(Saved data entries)
text \<open>Continuity on E_A^N for the product topology (E discrete)\<close>
definition cont_XA :: "('e \<Rightarrow> 'e \<Rightarrow> bool) \<Rightarrow> ((nat \<Rightarrow> 'e) \<Rightarrow> real) \<Rightarrow> bool" where
  "cont_XA A g \<longleftrightarrow> (\<forall>x\<in>XA A. \<forall>\<epsilon>>0. \<exists>n. \<forall>y\<in>XA A. (\<forall>i<n. y i = x i) \<longrightarrow> \<bar>g y - g x\<bar> < \<epsilon>)"

text \<open>Borel sigma-algebra of E_A^N (generated by cylinders, E countable discrete)\<close>
definition shift_borel :: "('e \<Rightarrow> 'e \<Rightarrow> bool) \<Rightarrow> (nat \<Rightarrow> 'e) measure" where
  "shift_borel A = sigma (XA A) (range (cyl A))"

end

theory Submission
  imports Defs
begin

text \<open>
  The eigenfunction \<open>h\<close> is Hoelder-type, so on an \<open>n\<close>-cylinder it deviates from its value at
  any point by at most \<open>C e^{-n\<alpha>}\<close>; dividing by a positive lower bound for \<open>h\<close> turns this
  into the relative error \<open>K\<^sub>1 e^{-n\<alpha>}\<close>, and integrating over the cylinder gives both bounds.
  The lower bound comes from the eigen-equation: all terms of \<open>\<L>\<^sup>k h = h\<close> are nonnegative, so
  \<open>h x \<ge> exp (S\<^sub>k f (u x)) h (u x)\<close> for every admissible word \<open>u\<close> of length \<open>k\<close>. Fix a
  cylinder on which \<open>h\<close> stays above half its value at a point; by finite irreducibility every
  \<open>x\<close> is reached from it through one of finitely many connecting words, along which the
  Birkhoff sums of \<open>f\<close> are bounded below.
\<close>

lemma adm_word_Nil [simp]: "adm_word A []"
  unfolding adm_word_def by auto

lemma adm_word_Cons:
  "adm_word A (a # u) \<longleftrightarrow> adm_word A u \<and> (u \<noteq> [] \<longrightarrow> A a (hd u))"
  unfolding adm_word_def by (cases u) (auto simp: nth_Cons split: nat.splits)

lemma adm_word_append_overlap:
  "u \<noteq> [] \<Longrightarrow> adm_word A (u @ v) \<longleftrightarrow> adm_word A u \<and> adm_word A (last u # v)"
  by (induction u rule: list_nonempty_induct) (auto simp: adm_word_Cons)

lemma adm_word_map_upt: "admissible A x \<Longrightarrow> adm_word A (map x [0..<n])"
  unfolding adm_word_def admissible_def by simp

lemma wcat_Nil [simp]: "wcat [] x = x"
  unfolding wcat_def by simp

lemma wcat_nth_less: "i < length u \<Longrightarrow> wcat u x i = u ! i"
  unfolding wcat_def by simp

lemma wcat_0: "wcat u x 0 = hd (u @ [x 0])"
  unfolding wcat_def by (cases u) simp_all

lemma wcat_Cons_0 [simp]: "wcat (e # u) x 0 = e"
  unfolding wcat_def by simp

lemma wcat_Cons_Suc [simp]: "wcat (e # u) x (Suc i) = wcat u x i"
  unfolding wcat_def by simp

lemma wcat_Cons: "wcat (e # u) x = wcat [e] (wcat u x)"
  unfolding wcat_def by (auto simp: nth_Cons split: nat.splits)

lemma shift_wcat_Cons [simp]: "shift (wcat (e # u) x) = wcat u x"
  unfolding shift_def by simp

lemma admissible_iff_shift: "admissible A y \<longleftrightarrow> A (y 0) (y 1) \<and> admissible A (shift y)"
  unfolding admissible_def shift_def by (metis One_nat_def not0_implies_Suc)

lemma admissible_wcat_Cons:
  "admissible A (wcat (e # u) x) \<longleftrightarrow> A e (wcat u x 0) \<and> admissible A (wcat u x)"
  by (subst admissible_iff_shift) simp

lemma admissible_wcat:
  "admissible A (wcat u x) \<longleftrightarrow> adm_word A (u @ [x 0]) \<and> admissible A x"
  by (induction u) (auto simp: admissible_wcat_Cons adm_word_Cons wcat_0)

lemma birkhoff_0 [simp]: "birkhoff 0 g x = 0"
  unfolding birkhoff_def by simp

lemma birkhoff_Suc: "birkhoff (Suc n) g x = g x + birkhoff n g (shift x)"
  unfolding birkhoff_def sum.lessThan_Suc_shift funpow_Suc_right by simp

§ **About this task**:
Return only the number of lines in the data that hold the string "induction".

§ **Task answer**:
2